A Metaphor for Understanding Perception in Relationships
What do you see? A duck or a rabbit?
Some people see the duck first, others see the rabbit—and both are right.
You can’t see both at the same time, but if you look carefully, you can switch between them.
In relationships, this simple image tells us something powerful:
1. Perception Shapes Reality
Each partner sees the exact moment through their own eyes, experiences, and emotions.

- One partner might see distance (“You’re ignoring me”).
- The other might see respect (“I’m giving you space”).
Both are valid perspectives—just like the duck and the rabbit.

2. Both Views Can Be True
Instead of arguing about who’s right, try to understand how both experiences can make sense. When you look for the “rabbit” your partner sees, you show empathy and curiosity instead of defensiveness.

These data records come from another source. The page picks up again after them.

(* Let $\pi$ be the cyclic permutation of $\{1,\dots,6\}$ given by $1\mapsto2\mapsto4\mapsto5\mapsto3\mapsto6\mapsto1$. Then $\pi$ is a unimodal pattern with over-rotation pair $(2,6)$, its code is non-decreasing, $r_\pi=\rho(\pi)=\frac13$, and $\pi$ has no block structure over an over-twist pattern of over-rotation number $\frac13$; that is, $\pi$ is very badly ordered.
   Context: A cyclic pattern is a cyclic permutation of $\{1,\dots,n\}$ viewed as a cycle $P$ on the line; the $P$-linear map $f$ agrees with the cycle on $P$ and is affine in between; the pattern is unimodal if $f$ has exactly one turning point, a local maximum. Over-rotation pair: $2p$ is the number of $x\in P$ with $f(x)-x$ and $f^2(x)-f(x)$ of different signs, $q$ the period, $\rho(\pi)=p/q$. $r_\pi$ is the left endpoint of the over-rotation interval $[r_\pi,\frac12]$ of $f$ (closure of the set of over-rotation numbers of non-fixed periodic orbits of $f$). For the unique fixed point $a$ of $f$, write $x>_a y$ if $x<y<a$ or $x>y>a$; code: $L(x_0)=0$ at the leftmost point and $L(f(y))=L(y)+\rho(\pi)-\varphi(y)$ with $\varphi(y)=1$ if $y>a$ and $f(y)<a$, else $0$; non-decreasing means $x>_a y\Rightarrow L(x)\le L(y)$. A pattern $A$ forces $B$ if every continuous interval map with a cycle of pattern $A$ has one of pattern $B$; an over-twist is a forcing-minimal pattern among patterns of a given over-rotation number. A permutation $\pi$ of $\{1,\dots,n\}$ has block structure over a pattern $\pi'$ if there are pairwise disjoint segments $I_0,\dots,I_k$ ($k\ge1$) with $\pi(T_n\cap I_j)=T_n\cap I_{j+1}$, $\pi(T_n\cap I_k)=T_n\cap I_0$, $T_n=\{1,\dots,n\}$, and $\pi'$ is the pattern obtained by collapsing each block $T_n\cap I_j$ to a point. A pattern is very badly ordered if its over-rotation number equals the left endpoint of its forced over-rotation interval while it has no block structure over an over-twist pattern of the same over-rotation number. *)

theory Defs
  imports "HOL-Analysis.Analysis"
begin

definition cyclic_pattern :: "nat \<Rightarrow> (nat \<Rightarrow> nat) \<Rightarrow> bool" where
  "cyclic_pattern n pp \<longleftrightarrow> 1 \<le> n \<and> bij_betw pp {1..n} {1..n} \<and>
     (\<forall>i. i \<notin> {1..n} \<longrightarrow> pp i = i) \<and> {(pp ^^ k) 1 | k. True} = {1..n}"

definition plin :: "nat \<Rightarrow> (nat \<Rightarrow> nat) \<Rightarrow> real \<Rightarrow> real" where
  "plin n pp x =
     (if x \<le> 1 then real (pp 1)
      else if x \<ge> real n then real (pp n)
      else (let i = nat \<lfloor>x\<rfloor> in
              real (pp i) + (x - real i) * (real (pp (Suc i)) - real (pp i))))"

definition turning_point :: "nat \<Rightarrow> (real \<Rightarrow> real) \<Rightarrow> real \<Rightarrow> bool" where
  "turning_point n f x \<longleftrightarrow> 1 < x \<and> x < real n \<and>
     \<not> (\<exists>e>0. (\<forall>y\<in>{x-e<..<x+e}. \<forall>z\<in>{x-e<..<x+e}. y < z \<longrightarrow> f y < f z) \<or>
               (\<forall>y\<in>{x-e<..<x+e}. \<forall>z\<in>{x-e<..<x+e}. y < z \<longrightarrow> f y > f z))"

definition local_max :: "(real \<Rightarrow> real) \<Rightarrow> real \<Rightarrow> bool" where
  "local_max f x \<longleftrightarrow> (\<exists>e>0. \<forall>y\<in>{x-e<..<x+e}. f y \<le> f x)"

definition unimodal :: "nat \<Rightarrow> (nat \<Rightarrow> nat) \<Rightarrow> bool" where
  "unimodal n pp \<longleftrightarrow> cyclic_pattern n pp \<and>
     (\<exists>!x. turning_point n (plin n pp) x) \<and>
     (\<forall>x. turning_point n (plin n pp) x \<longrightarrow> local_max (plin n pp) x)"

definition sign_changes :: "nat \<Rightarrow> (nat \<Rightarrow> nat) \<Rightarrow> nat" where
  "sign_changes n pp = card {i \<in> {1..n}.
      (real (pp i) - real i) * (real (pp (pp i)) - real (pp i)) < 0}"

definition over_rotation_pair :: "nat \<Rightarrow> (nat \<Rightarrow> nat) \<Rightarrow> nat \<Rightarrow> nat \<Rightarrow> bool" where
  "over_rotation_pair n pp p q \<longleftrightarrow> 2 * p = sign_changes n pp \<and> q = n"

definition orho :: "nat \<Rightarrow> (nat \<Rightarrow> nat) \<Rightarrow> real" where
  "orho n pp = real (sign_changes n pp) / (2 * real n)"

definition periodic_orbit :: "(real \<Rightarrow> real) \<Rightarrow> real set \<Rightarrow> bool" where
  "periodic_orbit f P \<longleftrightarrow> (\<exists>x q. 0 < q \<and> (f ^^ q) x = x \<and> P = {(f ^^ k) x | k. k < q})"

definition orho_orbit :: "(real \<Rightarrow> real) \<Rightarrow> real set \<Rightarrow> real" where
  "orho_orbit f P = real (card {x \<in> P. (f x - x) * (f (f x) - f x) < 0}) / (2 * real (card P))"

definition over_rotation_interval :: "nat \<Rightarrow> (nat \<Rightarrow> nat) \<Rightarrow> real set" where
  "over_rotation_interval n pp = closure
     {orho_orbit (plin n pp) P | P. periodic_orbit (plin n pp) P \<and> P \<subseteq> {1..real n}
                                    \<and> 2 \<le> card P}"

definition r_pat :: "nat \<Rightarrow> (nat \<Rightarrow> nat) \<Rightarrow> real" where
  "r_pat n pp = Inf (over_rotation_interval n pp)"

definition fixpt :: "nat \<Rightarrow> (nat \<Rightarrow> nat) \<Rightarrow> real" where
  "fixpt n pp = (THE a. 1 \<le> a \<and> a \<le> real n \<and> plin n pp a = a)"

definition phi :: "nat \<Rightarrow> (nat \<Rightarrow> nat) \<Rightarrow> nat \<Rightarrow> real" where
  "phi n pp y = (if real y > fixpt n pp \<and> real (pp y) < fixpt n pp then 1 else 0)"

text \<open>L(x_0) = 0 at the leftmost point 1 and L(f y) = L y + rho - phi y, i.e.
  L(pp^m 1) = m rho - sum_{i<m} phi(pp^i 1) for m < n.\<close>
definition code :: "nat \<Rightarrow> (nat \<Rightarrow> nat) \<Rightarrow> nat \<Rightarrow> real" where
  "code n pp y = (let m = (THE m. m < n \<and> (pp ^^ m) 1 = y) in
      real m * orho n pp - (\<Sum>i<m. phi n pp ((pp ^^ i) 1)))"

definition a_greater :: "real \<Rightarrow> real \<Rightarrow> real \<Rightarrow> bool" where
  "a_greater a x y \<longleftrightarrow> (x < y \<and> y < a) \<or> (x > y \<and> y > a)"

definition code_nondecreasing :: "nat \<Rightarrow> (nat \<Rightarrow> nat) \<Rightarrow> bool" where
  "code_nondecreasing n pp \<longleftrightarrow>
     (\<forall>x\<in>{1..n}. \<forall>y\<in>{1..n}. a_greater (fixpt n pp) (real x) (real y) \<longrightarrow>
        code n pp x \<le> code n pp y)"

definition has_cycle_pattern :: "real \<Rightarrow> real \<Rightarrow> (real \<Rightarrow> real) \<Rightarrow> nat \<Rightarrow> (nat \<Rightarrow> nat) \<Rightarrow> bool" where
  "has_cycle_pattern a b f n pp \<longleftrightarrow>
     (\<exists>e :: nat \<Rightarrow> real. strict_mono_on {1..n} e \<and>
        (\<forall>i\<in>{1..n}. e i \<in> {a..b} \<and> f (e i) = e (pp i)))"

definition forces :: "nat \<Rightarrow> (nat \<Rightarrow> nat) \<Rightarrow> nat \<Rightarrow> (nat \<Rightarrow> nat) \<Rightarrow> bool" where
  "forces n A m B \<longleftrightarrow>
     (\<forall>(a::real) b f. a \<le> b \<longrightarrow> continuous_on {a..b} f \<longrightarrow> f ` {a..b} \<subseteq> {a..b} \<longrightarrow>
        has_cycle_pattern a b f n A \<longrightarrow> has_cycle_pattern a b f m B)"

definition over_twist :: "nat \<Rightarrow> (nat \<Rightarrow> nat) \<Rightarrow> bool" where
  "over_twist n A \<longleftrightarrow> cyclic_pattern n A \<and> 2 \<le> n \<and>
     (\<forall>m B. cyclic_pattern m B \<and> 2 \<le> m \<and> orho m B = orho n A \<and> forces n A m B
            \<longrightarrow> m = n \<and> B = A)"

text \<open>Block structure with blocks T_n \<inter> I_j, j = 0..k, I_j = [lo j, hi j] pairwise disjoint;
  sg (a pattern on {1..k+1}) is obtained by collapsing blocks: r j is the position of
  block j from the left.\<close>
definition block_structure :: "nat \<Rightarrow> (nat \<Rightarrow> nat) \<Rightarrow> nat \<Rightarrow> (nat \<Rightarrow> nat) \<Rightarrow> bool" where
  "block_structure n pp k sg \<longleftrightarrow> 1 \<le> k \<and>
     (\<exists>lo hi :: nat \<Rightarrow> real.
        let B = (\<lambda>j. {i \<in> {1..n}. lo j \<le> real i \<and> real i \<le> hi j}) in
        (\<forall>j\<le>k. lo j \<le> hi j \<and> B j \<noteq> {}) \<and>
        (\<forall>j\<le>k. \<forall>j'\<le>k. j \<noteq> j' \<longrightarrow> {lo j..hi j} \<inter> {lo j'..hi j'} = {}) \<and>
        (\<forall>j<k. pp ` B j = B (Suc j)) \<and> pp ` B k = B 0 \<and>
        cyclic_pattern (k + 1) sg \<and>
        (\<exists>r. bij_betw r {0..k} {1..k+1} \<and>
             (\<forall>j\<le>k. \<forall>j'\<le>k. r j < r j' \<longleftrightarrow> hi j < lo j') \<and>
             (\<forall>j\<le>k. sg (r j) = r (if j = k then 0 else Suc j))))"

definition very_badly_ordered :: "nat \<Rightarrow> (nat \<Rightarrow> nat) \<Rightarrow> bool" where
  "very_badly_ordered n pp \<longleftrightarrow> orho n pp = r_pat n pp \<and>
     \<not> (\<exists>k sg. block_structure n pp k sg \<and> over_twist (k + 1) sg \<and>
                  orho (k + 1) sg = orho n pp)"

definition pi6 :: "nat \<Rightarrow> nat" where
  "pi6 i = (if i = 1 then 2 else if i = 2 then 4 else if i = 4 then 5 else
            if i = 5 then 3 else if i = 3 then 6 else if i = 6 then 1 else i)"

end

theory Submission
  imports Defs
begin

text \<open>On [1,6] the P-linear map of pi6 is f x = 2x, 9 - x, 13 - 2x on [1,3], [3,4], [4,6];
  its fixed point is 13/3. Every periodic orbit has over-rotation number at least 1/3: the step
  function U that takes the values 0, 2, 4, 3, 1 on [1,2), [2,4), [4,13/3), [13/3,5], (5,6]
  satisfies U x + 2 \<le> U (f x) + 3 [x is a sign change], and summing this along an orbit of
  period q gives 3 (number of sign changes) \<ge> 2q. The cycle itself attains 1/3.

  A block structure over an over-twist of over-rotation number 1/3 has 3 or 6 blocks. Three
  blocks are incompatible with the order of the cycle, and six singleton blocks would make pi6
  itself an over-twist; but pi6 forces the 3-cycle: for a cycle e1 < ... < e6 of pattern pi6
  the chain of coverings [e1,e2] \<rightarrow> [e2,e3] \<rightarrow> [e5,e6] \<rightarrow> [e1,e2] yields a fixed
  point of the third iterate of f in [e1,e2].\<close>

section \<open>Covering of intervals by continuous images\<close>

lemma first_crossing:
  fixes f :: "real \<Rightarrow> real"
  assumes "u \<le> v" and cont: "continuous_on {u..v} f" and "f u \<le> d" "d \<le> f v"
  obtains w where "u \<le> w" "w \<le> v" "f w = d" "\<And>t. u \<le> t \<Longrightarrow> t < w \<Longrightarrow> f t < d"
proof -
  define S where "S = {u..v} \<inter> f -` {d..}"
  have "closed S" unfolding S_def by (rule continuous_closed_preimage[OF cont]) auto
  moreover have "bounded S" unfolding S_def by (rule bounded_subset[of "{u..v}"]) auto
  ultimately have "compact S" by (simp add: compact_eq_bounded_closed)
  moreover have "v \<in> S" using assms by (simp add: S_def)
  ultimately obtain w where wS: "w \<in> S" and wmin: "\<forall>t\<in>S. w \<le> t"
    using compact_attains_inf by blast
  have below: "f t < d" if "u \<le> t" "t < w" for t
  proof -
    have "t \<notin> S" using that wmin by fastforce
    moreover have "t \<le> v" using that wS by (simp add: S_def)
    ultimately show ?thesis using that by (simp add: S_def)
  qed
  have "f w = d"
  proof (rule ccontr)
    assume "f w \<noteq> d"
    moreover have "u \<le> w" "w \<le> v" "d \<le> f w" using wS by (auto simp: S_def)
    moreover have "continuous_on {u..w} f" using cont \<open>w \<le> v\<close> by (auto intro: continuous_on_subset)
    ultimately obtain t where "u \<le> t" "t \<le> w" "f t = d"
      using IVT'[of f u d w] assms(3) by blast
    then show False using below[of t] \<open>f w \<noteq> d\<close> by (cases "t = w") auto
  qed
  with wS below show thesis by (intro that) (auto simp: S_def)
qed

lemma last_crossing:
  fixes f :: "real \<Rightarrow> real"
  assumes "u \<le> v" and cont: "continuous_on {u..v} f" and "f u \<le> c" "c \<le> f v"
  obtains w where "u \<le> w" "w \<le> v" "f w = c" "\<And>t. w < t \<Longrightarrow> t \<le> v \<Longrightarrow> c < f t"
proof -
  define S where "S = {u..v} \<inter> f -` {..c}"
  have "closed S" unfolding S_def by (rule continuous_closed_preimage[OF cont]) auto
  moreover have "bounded S" unfolding S_def by (rule bounded_subset[of "{u..v}"]) auto
  ultimately have "compact S" by (simp add: compact_eq_bounded_closed)
  moreover have "u \<in> S" using assms by (simp add: S_def)
  ultimately obtain w where wS: "w \<in> S" and wmax: "\<forall>t\<in>S. t \<le> w"
    using compact_attains_sup by blast
  have above: "c < f t" if "w < t" "t \<le> v" for t
  proof -
    have "t \<notin> S" using that wmax by fastforce
    moreover have "u \<le> t" using that wS by (simp add: S_def)
    ultimately show ?thesis using that by (simp add: S_def)
  qed
  have "f w = c"
  proof (rule ccontr)
    assume "f w \<noteq> c"
    moreover have "u \<le> w" "w \<le> v" "f w \<le> c" using wS by (auto simp: S_def)
    moreover have "continuous_on {w..v} f" using cont \<open>u \<le> w\<close> by (auto intro: continuous_on_subset)
    ultimately obtain t where "w \<le> t" "t \<le> v" "f t = c"
      using IVT'[of f w c v] assms(4) by blast
    then show False using above[of t] \<open>f w \<noteq> c\<close> by (cases "t = w") auto
  qed
  with wS above show thesis by (intro that) (auto simp: S_def)
qed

3. Stress Narrows Our Vision
When emotions run high, we tend to get stuck seeing only our version of the picture. Therapy helps you zoom out, calm down, and become flexible enough to see your partner’s perspective as well.
4. Perspective-Shifting Builds Connection
Healthy couples can move between viewpoints—“I know how it looks to me, and I want to understand how it looks to you.” This doesn’t mean agreeing on everything; it means caring about each other’s experience.
5. Practice Exercise
- Think of a recent disagreement.
- Write down what you saw or felt (your “duck”).
- Now imagine what your partner might have seen or felt (their “rabbit”).
- Discuss what you each learned when you tried to view the other picture.
Remember: There’s not one right image. The goal isn’t to decide if it’s a duck or a bunny—it’s to recognize that your perspective and your partner’s perspective are each valid. In healthy relationships, partners allow space for each other’s perspective to exist simultaneously.